GESTAÇÃO DE SUBSTITUIÇÃO
Oswaldo Romano                                                              

        Vania e Vitório se conheceram na Vila dos Remédios, local onde a maioria das famílias vive arraigada desde que o bairro foi fundado, por volta de 1932.

        Reduto de muitos portugueses, quase todos oriundos da Ilha da Madeira. Uma promoção naquela Ilha, propaganda oportuna, e enganosa, os convocou.  Estavam com excesso de mão de obra para as poucas indústrias e agriculturas ali existentes.

        Nos arredores da Vila havia falta de mão de obra. O que sobrava ali era total falta de infraestrutura. A fartura enganava-os desde a Ilha da Madeira, prometendo mundos e fundos. Aqui faltava luz, água, esgoto, gás, telefone, escola, asfalto, pontes, farmácia, padaria, abastecimentos básicos.

        O principal emprego era oferecido pelo Curtume Bourbon, nos baixos da Jaguara, mas o campeão no impacto ambiental. O ar fétido que exalava atingia todos os bairros vizinhos. Seus operários calçavam botas brancas até o joelho, que carregavam por aonde iam o cheiro do sangue podre. Só eles o suportavam.

        O pai de Vania, com grave doença nos pulmões, coisa corriqueira na vila, faleceu cedo, deixando sua mãe Olinda ainda jovem que a custos educou suas duas filhas, Vania e Maria.
        Vania e Vitório casaram-se, e na lua de mel quiseram conhecer Lisboa.  Visitaram pontos turísticos, não faltando o principal, mundialmente conhecido, Santuário de Fátima.

        Meses depois foi o casamento da irmã Maria com Herculano, moço visto com reservas. Tentava esconder sua boemia, ferrenho frequentador do Hipódromo da Mooca onde ostentava o que não podia.

        A vida corria normal, mas Vania não engravidava situação que a atormentava dia e noite, chegando a comprometer seu casamento e alterar seu comportamento. A má formação do seu útero, bicorne acentuado, era a causa.

        Depois de muita polêmica recorreu a sua mãe para submetê-la a uma Gestação de Substituição. Ao ter conhecimento do que se tratava, Dona Olinda tomou o maior susto. Mas, sentindo também um peso pela causa da filha, aceitou o desafio.

        Felizmente, de início estava dando tudo certo.
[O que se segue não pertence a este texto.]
definition orth_proj :: "'a::complex_inner set \<Rightarrow> 'a \<Rightarrow> 'a" where
  "orth_proj S f = (THE p. p \<in> S \<and> (\<forall>s\<in>S. cinner (f - p) s = 0))"

text \<open>The sequence phi_1, phi_2, ... is represented as phi 0, phi 1, ...;
  the truncation Phi_N is phi 0, ..., phi (N-1).\<close>

definition synth :: "(nat \<Rightarrow> 'a::complex_vector) \<Rightarrow> nat \<Rightarrow> complex vec \<Rightarrow> 'a" where
  "synth \<phi> N z = (\<Sum>n<N. (z $ n) *\<^sub>C \<phi> n)"

text \<open>Gram matrix of Phi_N, normalised so that (G c)_i = <T_N c, phi_i>,
  i.e. G = T_N^* T_N (inner product linear in the first argument).\<close>
definition gram :: "(nat \<Rightarrow> 'a::complex_inner) \<Rightarrow> nat \<Rightarrow> complex mat" where
  "gram \<phi> N = mat N N (\<lambda>(i, j). cinner (\<phi> j) (\<phi> i))"

definition data_vec :: "(nat \<Rightarrow> 'a::complex_inner) \<Rightarrow> nat \<Rightarrow> 'a \<Rightarrow> complex vec" where
  "data_vec \<phi> N f = vec N (\<lambda>i. cinner f (\<phi> i))"

definition unitary_mat :: "nat \<Rightarrow> complex mat \<Rightarrow> bool" where
  "unitary_mat N V \<longleftrightarrow> V \<in> carrier_mat N N \<and> mat_adjoint V * V = 1\<^sub>m N"

definition gram_svd :: "(nat \<Rightarrow> 'a::complex_inner) \<Rightarrow> nat \<Rightarrow> complex mat \<Rightarrow> (nat \<Rightarrow> real) \<Rightarrow> bool" where
  "gram_svd \<phi> N V \<sigma> \<longleftrightarrow> unitary_mat N V \<and> (\<forall>k<N. 0 \<le> \<sigma> k) \<and>
     gram \<phi> N = V * mat_diag N (\<lambda>k. complex_of_real (\<sigma> k)) * mat_adjoint V"

definition H_eps :: "(nat \<Rightarrow> 'a::complex_inner) \<Rightarrow> nat \<Rightarrow> complex mat \<Rightarrow> (nat \<Rightarrow> real) \<Rightarrow> real \<Rightarrow> 'a set" where
  "H_eps \<phi> N V \<sigma> \<epsilon> = cspan {synth \<phi> N (col V k) | k. k < N \<and> \<epsilon> < \<sigma> k}"

definition tsvd_coeffs :: "(nat \<Rightarrow> 'a::complex_inner) \<Rightarrow> nat \<Rightarrow> complex mat \<Rightarrow> (nat \<Rightarrow> real) \<Rightarrow> real \<Rightarrow> 'a \<Rightarrow> complex vec" where
  "tsvd_coeffs \<phi> N V \<sigma> \<epsilon> f =
     (V * mat_diag N (\<lambda>k. if \<epsilon> < \<sigma> k then complex_of_real (1 / \<sigma> k) else 0) * mat_adjoint V)
       *\<^sub>v data_vec \<phi> N f"

definition l2_norm :: "complex vec \<Rightarrow> real" where
  "l2_norm c = sqrt (\<Sum>i<dim_vec c. (cmod (c $ i))\<^sup>2)"

end

theory Submission
  imports Defs
begin

text \<open>Write c for the truncated-SVD coefficients at level N - 1, so that
  P^eps_{N-1} f = T_{N-1} c, and c' for c padded with a zero, so that T_N c' = P^eps_{N-1} f
  and |c'| = |c|. Since G_N = V Sigma V^*, the vectors T_N v_k are orthogonal with squared
  norms sigma_k. Splitting V^* c' = w + r according to whether sigma_k > eps, T_N V w lies in
  H^eps_N, while the remainder T_N V r has squared norm sum_k sigma_k |r_k|^2 <= eps |c|^2.
  As P^eps_N f is the best approximation of f from H^eps_N, the triangle inequality through
  T_N c' gives the bound.\<close>

section \<open>Complex inner product spaces\<close>

lemma scaleC_zero_left [simp]: "0 *\<^sub>C x = (0::'a::complex_vector)"
proof -
  have "0 *\<^sub>C x = 0 *\<^sub>C x + 0 *\<^sub>C x" by (metis add_0 scaleC_add_left)
  then show ?thesis by simp
qed

lemma scaleC_diff_left: "(a - b) *\<^sub>C x = a *\<^sub>C x - b *\<^sub>C (x::'a::complex_vector)"
  by (metis add_diff_cancel diff_add_cancel scaleC_add_left)

lemma scaleC_sum_left: "(\<Sum>i\<in>A. a i) *\<^sub>C x = (\<Sum>i\<in>A. a i *\<^sub>C (x::'a::complex_vector))"
  using sum_comp_morphism[of "\<lambda>a. a *\<^sub>C x" a A] by (simp add: scaleC_add_left o_def)

lemma scaleC_sum_right: "a *\<^sub>C (\<Sum>i\<in>A. x i) = (\<Sum>i\<in>A. a *\<^sub>C (x i::'a::complex_vector))"
proof -
  have "a *\<^sub>C (0::'a) = 0" by (metis add_0 add_cancel_right_right scaleC_add_right)
  then show ?thesis
    using sum_comp_morphism[of "\<lambda>y. a *\<^sub>C y" x A] by (simp add: scaleC_add_right o_def)
qed

lemma cinner_zero_left [simp]: "cinner 0 (y::'a::complex_inner) = 0"
  by (metis add_0 add_cancel_right_right cinner_add_left)

lemma cinner_zero_right [simp]: "cinner (x::'a::complex_inner) 0 = 0"
  by (metis cinner_commute cinner_zero_left complex_cnj_zero)

lemma cinner_add_right: "cinner (x::'a::complex_inner) (y + z) = cinner x y + cinner x z"
  by (metis cinner_add_left cinner_commute complex_cnj_add)

lemma cinner_scaleC_right: "cinner (x::'a::complex_inner) (a *\<^sub>C y) = cnj a * cinner x y"
  by (metis cinner_commute cinner_scaleC_left complex_cnj_mult)

lemma cinner_diff_left: "cinner (x - y) (z::'a::complex_inner) = cinner x z - cinner y z"
  by (metis add_diff_cancel diff_add_cancel cinner_add_left)

lemma cinner_diff_right: "cinner (x::'a::complex_inner) (y - z) = cinner x y - cinner x z"
  by (metis add_diff_cancel diff_add_cancel cinner_add_right)

lemma cinner_sum_left: "cinner (\<Sum>i\<in>A. x i) (y::'a::complex_inner) = (\<Sum>i\<in>A. cinner (x i) y)"
  using sum_comp_morphism[of "\<lambda>x. cinner x y" x A] by (simp add: cinner_add_left o_def)

lemma cinner_sum_right: "cinner (x::'a::complex_inner) (\<Sum>i\<in>A. y i) = (\<Sum>i\<in>A. cinner x (y i))"
  using sum_comp_morphism[of "\<lambda>y. cinner x y" y A] by (simp add: cinner_add_right o_def)

lemma power2_norm_eq_cinner: "(norm (x::'a::complex_inner))\<^sup>2 = Re (cinner x x)"
  using cinner_ge_zero[of x] by (simp add: norm_eq_sqrt_cinner)

lemma norm_add_Pythagorean_cinner:
  assumes "cinner x y = 0"
  shows "(norm (x + y))\<^sup>2 = (norm x)\<^sup>2 + (norm (y::'a::complex_inner))\<^sup>2"
proof -
  have "cinner y x = 0" using assms by (metis cinner_commute complex_cnj_zero)
  then show ?thesis
    using assms by (simp add: power2_norm_eq_cinner cinner_add_left cinner_add_right)
qed

section \<open>Spans and orthogonal projections\<close>

lemma cinner_cspan_eq_0:
  assumes "\<And>s. s \<in> S \<Longrightarrow> cinner (z::'a::complex_inner) s = 0" and "y \<in> cspan S"
  shows "cinner z y = 0"
proof -
  obtain F c where "y = (\<Sum>x\<in>F. c x *\<^sub>C x)" and "F \<subseteq> S"
    using assms(2) unfolding cspan_def by blast
  then show ?thesis
    using assms(1) by (auto simp: cinner_sum_right cinner_scaleC_right intro!: sum.neutral)
qed

lemma sum_in_cspan_image:
  assumes "finite K"
  shows "(\<Sum>k\<in>K. a k *\<^sub>C g k) \<in> cspan (g ` K)"
proof -
  have "(\<Sum>k\<in>K. a k *\<^sub>C g k) = (\<Sum>x\<in>g ` K. \<Sum>k\<in>{k\<in>K. g k = x}. a k *\<^sub>C g k)"
    using sum.image_gen[OF assms] .
  also have "\<dots> = (\<Sum>x\<in>g ` K. (\<Sum>k\<in>{k\<in>K. g k = x}. a k) *\<^sub>C x)"
    by (simp add: scaleC_sum_left)
  finally show ?thesis
    unfolding cspan_def using assms
    by (intro CollectI exI[of _ "g ` K"] exI[of _ "\<lambda>x. \<Sum>k\<in>{k\<in>K. g k = x}. a k"]) simp
qed

lemma orth_proj_eqI:
  assumes "p \<in> S" and "\<And>s. s \<in> S \<Longrightarrow> cinner (f - p) s = 0"
  shows "orth_proj S (f::'a::complex_inner) = p"
  unfolding orth_proj_def
proof (rule the_equality)
  show "p \<in> S \<and> (\<forall>s\<in>S. cinner (f - p) s = 0)" using assms by blast
next
  fix q assume q: "q \<in> S \<and> (\<forall>s\<in>S. cinner (f - q) s = 0)"
  have "cinner (q - p) s = 0" if "s \<in> S" for s
    using q assms that cinner_diff_left[of "f - p" "f - q" s] by simp
  then have "cinner (q - p) (q - p) = 0"
    using q assms(1) by (simp add: cinner_diff_right)
  then show "q = p" by (simp add: cinner_eq_zero_iff)
qed

lemma orth_proj_le_dist:
  assumes "p \<in> S" and "\<And>s. s \<in> S \<Longrightarrow> cinner (f - p) s = 0" and "g \<in> S"
  shows "norm ((f::'a::complex_inner) - orth_proj S f) \<le> norm (f - g)"
proof -
  have "cinner (f - p) (p - g) = 0" using assms by (simp add: cinner_diff_right)
  then have "(norm (f - g))\<^sup>2 = (norm (f - p))\<^sup>2 + (norm (p - g))\<^sup>2"
    using norm_add_Pythagorean_cinner[of "f - p" "p - g"] by simp
  then have "norm (f - p) \<le> norm (f - g)" by (simp add: power2_le_imp_le)
  then show ?thesis using orth_proj_eqI[OF assms(1,2)] by simp
qed

section \<open>Adjoints, unitary matrices and l2 norms\<close>

lemma dim_mat_adjoint [simp]:
  "dim_row (mat_adjoint W) = dim_col W" "dim_col (mat_adjoint W) = dim_row (W::complex mat)"
  unfolding mat_adjoint_def by auto

lemma mat_adjoint_carrier [simp]:
  "W \<in> carrier_mat n m \<Longrightarrow> mat_adjoint (W::complex mat) \<in> carrier_mat m n"
  by auto

lemma index_mat_adjoint:
  "i < dim_col W \<Longrightarrow> j < dim_row W \<Longrightarrow> mat_adjoint (W::complex mat) $$ (i, j) = cnj (W $$ (j, i))"
  unfolding mat_adjoint_def by (simp add: mat_of_rows_index)

lemma mult_mat_vec_diag:
  "v \<in> carrier_vec n \<Longrightarrow> j < n \<Longrightarrow> (mat_diag n f *\<^sub>v v) $ j = f j * (v $ j :: 'a::comm_ring_1)"
  by (simp add: mat_diag_def scalar_prod_def if_distrib[of "\<lambda>x. x * _"] cong: if_cong)

lemma sum_cnj_mult_mat_vec_adjoint:
  assumes "W \<in> carrier_mat m n" and "y \<in> carrier_vec m" and "z \<in> carrier_vec n"
  shows "(\<Sum>i<m. cnj (y $ i) * (W *\<^sub>v z) $ i) = (\<Sum>j<n. cnj ((mat_adjoint W *\<^sub>v y) $ j) * z $ j)"
proof -
  have "(\<Sum>i<m. cnj (y $ i) * (W *\<^sub>v z) $ i) = (\<Sum>i<m. \<Sum>j<n. cnj (y $ i) * W $$ (i, j) * z $ j)"
    using assms by (simp add: scalar_prod_def sum_distrib_left mult.assoc atLeast0LessThan)
  also have "\<dots> = (\<Sum>j<n. \<Sum>i<m. cnj (y $ i) * W $$ (i, j) * z $ j)" by (rule sum.swap)
  also have "\<dots> = (\<Sum>j<n. cnj ((mat_adjoint W *\<^sub>v y) $ j) * z $ j)"
  proof (rule sum.cong)
    fix j assume "j \<in> {..<n}"
    then have "(mat_adjoint W *\<^sub>v y) $ j = (\<Sum>i<m. cnj (W $$ (i, j)) * y $ i)"
      using assms by (simp add: scalar_prod_def index_mat_adjoint atLeast0LessThan)
    then show "(\<Sum>i<m. cnj (y $ i) * W $$ (i, j) * z $ j) = cnj ((mat_adjoint W *\<^sub>v y) $ j) * z $ j"
      by (simp add: sum_distrib_left sum_distrib_right ac_simps)
  qed simp
  finally show ?thesis .
qed

lemma unitary_matD:
  assumes "unitary_mat M W"
  shows "W \<in> carrier_mat M M" and "mat_adjoint W * W = 1\<^sub>m M" and "W * mat_adjoint W = 1\<^sub>m M"
  using assms mat_mult_left_right_inverse[of "mat_adjoint W" M W] unfolding unitary_mat_def by auto

lemma unitary_adjoint_mult_vec_cancel:
  assumes "unitary_mat M W" and "z \<in> carrier_vec M"
  shows "mat_adjoint W *\<^sub>v (W *\<^sub>v z) = z"
  using assms unitary_matD[OF assms(1)] by (simp flip: assoc_mult_mat_vec[of _ M M _ M])

lemma unitary_mult_vec_adjoint_cancel:
  assumes "unitary_mat M W" and "z \<in> carrier_vec M"
  shows "W *\<^sub>v (mat_adjoint W *\<^sub>v z) = z"
  using assms unitary_matD[OF assms(1)] by (simp flip: assoc_mult_mat_vec[of _ M M _ M])

lemma power2_l2_norm: "c \<in> carrier_vec n \<Longrightarrow> (l2_norm c)\<^sup>2 = (\<Sum>i<n. (cmod (c $ i))\<^sup>2)"
  unfolding l2_norm_def by (simp add: sum_nonneg)

lemma l2_norm_nonneg: "0 \<le> l2_norm c"
  unfolding l2_norm_def by (simp add: sum_nonneg)

lemma l2_norm_unitary_mult_vec:
  assumes "unitary_mat M W" and "u \<in> carrier_vec M"
  shows "l2_norm (W *\<^sub>v u) = l2_norm u"
proof -
  note W = unitary_matD(1)[OF assms(1)]
  have "(\<Sum>i<M. cnj ((W *\<^sub>v u) $ i) * (W *\<^sub>v u) $ i) = (\<Sum>j<M. cnj (u $ j) * u $ j)"
    using sum_cnj_mult_mat_vec_adjoint[OF W _ assms(2), of "W *\<^sub>v u"] W assms
    by (simp add: unitary_adjoint_mult_vec_cancel)
  then have "(\<Sum>i<M. (W *\<^sub>v u) $ i * cnj ((W *\<^sub>v u) $ i)) = (\<Sum>j<M. u $ j * cnj (u $ j))"
    by (simp add: mult.commute)
  then have "complex_of_real (\<Sum>i<M. (cmod ((W *\<^sub>v u) $ i))\<^sup>2)
      = complex_of_real (\<Sum>j<M. (cmod (u $ j))\<^sup>2)"
    by (simp only: of_real_sum complex_norm_square)
  then have "(\<Sum>i<M. (cmod ((W *\<^sub>v u) $ i))\<^sup>2) = (\<Sum>j<M. (cmod (u $ j))\<^sup>2)"
    by (simp only: of_real_eq_iff)
  then show ?thesis using W assms(2) unfolding l2_norm_def by simp
qed

lemma l2_norm_zero_pad:
  assumes "c \<in> carrier_vec n" and "n \<le> N"
  shows "l2_norm (vec N (\<lambda>i. if i < n then c $ i else 0)) = l2_norm c"
proof -
  have "(\<Sum>i<N. (cmod (if i < n then c $ i else 0))\<^sup>2) = (\<Sum>i<n. (cmod (c $ i))\<^sup>2)"
    using assms(2) by (intro sum.mono_neutral_cong_right) auto
  then show ?thesis using assms(1) unfolding l2_norm_def by simp
qed

section \<open>The synthesis operator and the Gram matrix\<close>

lemma gram_carrier [simp]: "gram \<phi> M \<in> carrier_mat M M"
  by (simp add: gram_def)

lemma data_vec_carrier [simp]: "data_vec \<phi> M f \<in> carrier_vec M"
  by (simp add: data_vec_def)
Vitório ficava mais com a sogra do que em sua própria casa.

        A saúde de Vania estava comprometida. Ocasionava profunda preocupação na família. Teve início uma corrida aos médicos, psiquiatras, até benzedores. Seu estado agravava-se a olhos vistos. Foi preciso interná-la e logo em seguida foi mandada para um hospital psiquiátrico.

        Vitório acompanhava o primeiro mês da gestação da sogra, com interesse desusado. Sentia-se deslumbrado. Maria acabou se separando, morava com a mãe, uma oportuna companhia. Iniciou um novo namoro, ele também filho de portugueses. Um namoro aguado. Pouco se viam. Ela curtia mais o inusitado fato novo aceito pela coragem da sua mãe.
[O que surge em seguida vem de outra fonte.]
(* Let $K:\ell^2\to\mathcal{H}$ be a bounded, linear and injective operator into a real Hilbert space $\mathcal{H}$, $f\in\mathcal{H}$, $w=(w_k)$ with $w_k\ge w_0>0$, and $\gamma>0$. For $u\in\ell^2$ let $\mathcal{A}=\{k: |u-\gamma K^*(Ku-f)|_k>\gamma w_k\}$, $\mathcal{I}=\mathbb{N}\setminus\mathcal{A}$, and $\mathcal{G}(u)=\begin{pmatrix}\gamma\mathcal{M}_{\mathcal{A}\mathcal{A}} & \gamma\mathcal{M}_{\mathcal{A}\mathcal{I}}\\ 0 & I_{\mathcal{I}}\end{pmatrix}$ (equivalently $\mathcal{G}(u)=(I-P_{\mathcal{A}})+\gamma P_{\mathcal{A}}K^*K$). Then $\mathcal{G}(u)$ is boundedly invertible from $\ell^2$ onto $\ell^2$, and $$\|\mathcal{G}(u)^{-1}\|\le\|\mathcal{M}_{\mathcal{A}\mathcal{A}}^{-1}\|\big(\tfrac1\gamma+\|\mathcal{M}_{\mathcal{A}\mathcal{I}}\|\big)+1.$$
   Context: $K^*$ is the Hilbert space adjoint of $K$; $|x|_k$ means $|x_k|$. $P_{\mathcal{B}}$ denotes the coordinate projection onto the indices in $\mathcal{B}\subset\mathbb{N}$, and for index sets $\mathcal{B},\mathcal{C}$, $\mathcal{M}_{\mathcal{B}\mathcal{C}}=P_{\mathcal{B}}K^*K|_{\ell^2(\mathcal{C})}$, viewed as an operator from sequences supported on $\mathcal{C}$ to sequences supported on $\mathcal{B}$; $\mathcal{M}_{\mathcal{A}\mathcal{A}}^{-1}$ is the inverse of $\mathcal{M}_{\mathcal{A}\mathcal{A}}$ on the (finite-dimensional) space of sequences supported on $\mathcal{A}$. *)

theory Defs
  imports "HOL-Analysis.Analysis"
begin

typedef l2 = "{x :: nat \<Rightarrow> real. summable (\<lambda>k. (x k)\<^sup>2)}"
  morphisms l2_seq Abs_l2
  by (rule exI[of _ "\<lambda>_. 0"]) simp

setup_lifting type_definition_l2

lemma l2_summable_add:
  fixes x y :: "nat \<Rightarrow> real"
  assumes "summable (\<lambda>k. (x k)\<^sup>2)" "summable (\<lambda>k. (y k)\<^sup>2)"
  shows "summable (\<lambda>k. (x k + y k)\<^sup>2)"
proof (rule summable_comparison_test[where g = "\<lambda>k. 2 * (x k)\<^sup>2 + 2 * (y k)\<^sup>2"])
  show "\<exists>N. \<forall>n\<ge>N. norm ((x n + y n)\<^sup>2) \<le> 2 * (x n)\<^sup>2 + 2 * (y n)\<^sup>2"
  proof (intro exI allI impI)
    fix n
    have "0 \<le> (x n - y n)\<^sup>2" by simp
    then have "(x n + y n)\<^sup>2 \<le> 2 * (x n)\<^sup>2 + 2 * (y n)\<^sup>2"
      by (simp add: power2_eq_square algebra_simps)
    then show "norm ((x n + y n)\<^sup>2) \<le> 2 * (x n)\<^sup>2 + 2 * (y n)\<^sup>2"
      by simp
  qed
  show "summable (\<lambda>k. 2 * (x k)\<^sup>2 + 2 * (y k)\<^sup>2)"
    using assms by (intro summable_add summable_mult)
qed

lemma l2_summable_prod:
  fixes x y :: "nat \<Rightarrow> real"
  assumes "summable (\<lambda>k. (x k)\<^sup>2)" "summable (\<lambda>k. (y k)\<^sup>2)"
  shows "summable (\<lambda>k. x k * y k)"
proof (rule summable_comparison_test[where g = "\<lambda>k. (x k)\<^sup>2 + (y k)\<^sup>2"])
  show "\<exists>N. \<forall>n\<ge>N. norm (x n * y n) \<le> (x n)\<^sup>2 + (y n)\<^sup>2"
  proof (intro exI allI impI)
    fix n
    have "0 \<le> (\<bar>x n\<bar> - \<bar>y n\<bar>)\<^sup>2" by simp
    then have "2 * (\<bar>x n\<bar> * \<bar>y n\<bar>) \<le> (x n)\<^sup>2 + (y n)\<^sup>2"
      by (simp add: power2_eq_square algebra_simps)
    moreover have "0 \<le> \<bar>x n\<bar> * \<bar>y n\<bar>" by simp
    ultimately have "\<bar>x n\<bar> * \<bar>y n\<bar> \<le> (x n)\<^sup>2 + (y n)\<^sup>2"
      by linarith
    then show "norm (x n * y n) \<le> (x n)\<^sup>2 + (y n)\<^sup>2"
      by (simp add: abs_mult)
  qed
  show "summable (\<lambda>k. (x k)\<^sup>2 + (y k)\<^sup>2)"
    using assms by (intro summable_add)
qed

instantiation l2 :: real_vector
begin

lift_definition zero_l2 :: l2 is "\<lambda>_. 0" by simp

lift_definition plus_l2 :: "l2 \<Rightarrow> l2 \<Rightarrow> l2" is "\<lambda>x y k. x k + y k"
  by (rule l2_summable_add)

lift_definition uminus_l2 :: "l2 \<Rightarrow> l2" is "\<lambda>x k. - x k" by simp

lift_definition minus_l2 :: "l2 \<Rightarrow> l2 \<Rightarrow> l2" is "\<lambda>x y k. x k - y k"
proof -
  fix x y :: "nat \<Rightarrow> real"
  assume "summable (\<lambda>k. (x k)\<^sup>2)" "summable (\<lambda>k. (y k)\<^sup>2)"
  then have "summable (\<lambda>k. (x k + - y k)\<^sup>2)"
    by (intro l2_summable_add) simp_all
  then show "summable (\<lambda>k. (x k - y k)\<^sup>2)" by simp
qed

lift_definition scaleR_l2 :: "real \<Rightarrow> l2 \<Rightarrow> l2" is "\<lambda>r x k. r * x k"
  by (simp add: power_mult_distrib summable_mult)

instance
  by standard (transfer; auto simp: algebra_simps)+

end

instantiation l2 :: real_inner
begin

lift_definition inner_l2 :: "l2 \<Rightarrow> l2 \<Rightarrow> real" is "\<lambda>x y. \<Sum>k. x k * y k" .

definition norm_l2 :: "l2 \<Rightarrow> real" where "norm_l2 x = sqrt (inner x x)"

definition sgn_l2 :: "l2 \<Rightarrow> l2" where "sgn_l2 x = x /\<^sub>R norm x"

definition dist_l2 :: "l2 \<Rightarrow> l2 \<Rightarrow> real" where "dist_l2 x y = norm (x - y)"

definition uniformity_l2 :: "(l2 \<times> l2) filter" where
  "uniformity_l2 = (INF e\<in>{0 <..}. principal {(x, y). dist x y < e})"

definition open_l2 :: "l2 set \<Rightarrow> bool" where
  "open_l2 U \<longleftrightarrow> (\<forall>x\<in>U. eventually (\<lambda>(x', y). x' = x \<longrightarrow> y \<in> U) uniformity)"

instance
proof
  fix x y z :: l2 and r :: real
  show "inner x y = inner y x"
    by transfer (simp add: mult.commute)
  show "inner (x + y) z = inner x z + inner y z"
    by transfer (simp add: distrib_right suminf_add[symmetric] l2_summable_prod)
  show "inner (r *\<^sub>R x) y = r * inner x y"
    by transfer (simp add: mult.assoc suminf_mult l2_summable_prod)
  show "0 \<le> inner x x"
    by transfer (simp add: suminf_nonneg l2_summable_prod)
  show "(inner x x = 0) = (x = 0)"
  proof transfer
    fix x :: "nat \<Rightarrow> real"
    assume "summable (\<lambda>k. (x k)\<^sup>2)"
    then have "summable (\<lambda>k. x k * x k)" by (simp add: power2_eq_square)
    then show "((\<Sum>k. x k * x k) = 0) = (x = (\<lambda>_. 0))"
      by (simp add: suminf_eq_zero_iff fun_eq_iff)
  qed
  show "norm x = sqrt (inner x x)" by (rule norm_l2_def)
qed (rule sgn_l2_def dist_l2_def open_l2_def uniformity_l2_def)+

end

definition coord :: "l2 \<Rightarrow> nat \<Rightarrow> real" where
  "coord x k = l2_seq x k"

lift_definition proj :: "nat set \<Rightarrow> l2 \<Rightarrow> l2" is
  "\<lambda>B x k. if k \<in> B then x k else 0"
proof -
  fix B and x :: "nat \<Rightarrow> real"
  assume s: "summable (\<lambda>k. (x k)\<^sup>2)"
  show "summable (\<lambda>k. (if k \<in> B then x k else 0)\<^sup>2)"
    by (rule summable_comparison_test[OF _ s]) auto
qed

definition supported_on :: "nat set \<Rightarrow> l2 set" where
  "supported_on C = {x. \<forall>k. k \<notin> C \<longrightarrow> coord x k = 0}"

text \<open>The block M_BC = P_B K*K restricted to l2(C), extended by zero on the
  complement of l2(C) (i.e. precomposed with P_C); its operator norm equals the norm of
  the restricted operator l2(C) -> l2(B).\<close>
definition Mblock :: "(l2 \<Rightarrow> 'h::real_inner) \<Rightarrow> nat set \<Rightarrow> nat set \<Rightarrow> l2 \<Rightarrow> l2" where
  "Mblock K B C = (\<lambda>x. proj B (adjoint K (K (proj C x))))"

text \<open>The inverse of M_AA on l2(A), extended by zero on the complement (precomposed
  with P_A).\<close>
definition MAAinv :: "(l2 \<Rightarrow> 'h::real_inner) \<Rightarrow> nat set \<Rightarrow> l2 \<Rightarrow> l2" where
  "MAAinv K A = (\<lambda>y. inv_into (supported_on A) (Mblock K A A) (proj A y))"

end

theory Submission
  imports Defs
begin

text \<open>The coordinates of an \<open>\<ell>\<^sup>2\<close> sequence tend to zero and \<open>w \<ge> w\<^sub>0 > 0\<close>, so the active set
  \<open>\<A>\<close> is finite. On the finite-dimensional space \<open>\<ell>\<^sup>2(\<A>)\<close> the block \<open>M\<^sub>\<A>\<^sub>\<A> = P\<^sub>\<A>K\<^sup>*K\<close>
  satisfies \<open>\<langle>x, M\<^sub>\<A>\<^sub>\<A>x\<rangle> = \<parallel>Kx\<parallel>\<^sup>2\<close>, hence is injective because \<open>K\<close> is, and therefore
  bijective. As \<open>G(u)\<close> is block upper triangular with diagonal blocks \<open>\<gamma>M\<^sub>\<A>\<^sub>\<A>\<close> and \<open>I\<close>, its
  inverse is \<open>y \<mapsto> M\<^sub>\<A>\<^sub>\<A>\<^sup>-\<^sup>1(y/\<gamma> - M\<^sub>\<A>\<^sub>\<I>y) + P\<^sub>\<I>y\<close>, and the norm bound is the triangle
  inequality applied to this formula.\<close>

lemma l2_eqI: "(\<And>k. coord x k = coord y k) \<Longrightarrow> x = y"
  unfolding coord_def by (metis l2_seq_inject ext)

lemma coord_add [simp]: "coord (x + y) k = coord x k + coord y k"
  unfolding coord_def by transfer simp

lemma coord_diff [simp]: "coord (x - y) k = coord x k - coord y k"
  unfolding coord_def by transfer simp

lemma coord_scaleR [simp]: "coord (r *\<^sub>R x) k = r * coord x k"
  unfolding coord_def by transfer simp

lemma coord_zero [simp]: "coord 0 k = 0"
  unfolding coord_def by transfer simp

lemma coord_proj [simp]: "coord (proj B x) k = (if k \<in> B then coord x k else 0)"
  unfolding coord_def by transfer simp

lemma coord_sum: "coord (sum f S) k = (\<Sum>i\<in>S. coord (f i) k)"
  by (induction S rule: infinite_finite_induct) auto

lemma summable_coord_square: "summable (\<lambda>k. (coord x k)\<^sup>2)"
  unfolding coord_def using l2_seq by simp

lemma summable_coord_mult: "summable (\<lambda>k. coord x k * coord y k)"
  by (rule l2_summable_prod[OF summable_coord_square summable_coord_square])

lemma inner_l2_eq_suminf: "x \<bullet> y = (\<Sum>k. coord x k * coord y k)"
  unfolding coord_def by transfer simp

lift_definition l2_unit :: "nat \<Rightarrow> l2" is "\<lambda>j k. if k = j then 1 else 0"
  by (rule summable_finite[of "{j}" for j]) auto

lemma coord_l2_unit [simp]: "coord (l2_unit j) k = (if k = j then 1 else 0)"
  unfolding coord_def by transfer simp

lemma inner_l2_unit_right: "x \<bullet> l2_unit j = coord x j"
proof -
  have "(\<lambda>k. coord x k * coord (l2_unit j) k) = (\<lambda>k. if k = j then coord x k else 0)"
    by auto
  then show ?thesis
    unfolding inner_l2_eq_suminf using sums_single[of j "coord x"] sums_unique by metis
qed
        Causava curiosidade e comentários o fato do filho do Vitório vir a ser o filho da sua sogra, irmão da sua mulher e da Maria que seria também sua tia.

        Reuniam-se todas as noites frente a imagem de Santa Ana, a mais venerada Mãe,  pedindo perdão e proteção. Olinda destacando-se dizia ter aceitado a missão porque adorava seu genro e não sentia-se  confortável pela anomalia da filha.

        Com muito tato fazia de tudo para não demonstrar seu desejo de ficar com a criança, e aproximava-se com carinho do Vitório que certamente seria no futuro um excelente pai.

        Uma noite, depois de rezarem, Vania acompanhou o Vito até a varanda, costume normal nas visitas diárias. Sorria a toa nesse dia. Questionou o Vitório sobre sua admiração pela sogra, que agora grávida, ficou ainda mais bonita.

        Vitório levantou-se, espantado e contestou:

        — Maria, nunca passou pela minha cabeça outro interesse. Apenas acho sua mãe bonita.

        — Sei disso. Brincadeira, bobo.

Abaixou a cabeça, moveu-se, seus longos cabelos caíram como uma cachoeira sobre o rosto. Fez pequena pausa, e numa virada brusca e fala brusca, disse:

        — Você vai ser pai!

        — Claro Maria! E você vai ser tia! São galhos da famosa árvore...

        — Vito! Eu disse: Tia e Mãe!

Vito silenciou, deu um nó no seu pensamento. Também nunca tinha ouvido falar tanto  dessa tal árvore genealógica.
        — Explica essa, Maria?

Maria encarando, olho no olho,  quis que compreendesse:

        — Vito! Vou ser tia e mãe. Lembra-se da nossa melhor noite!

                        Estou grávida!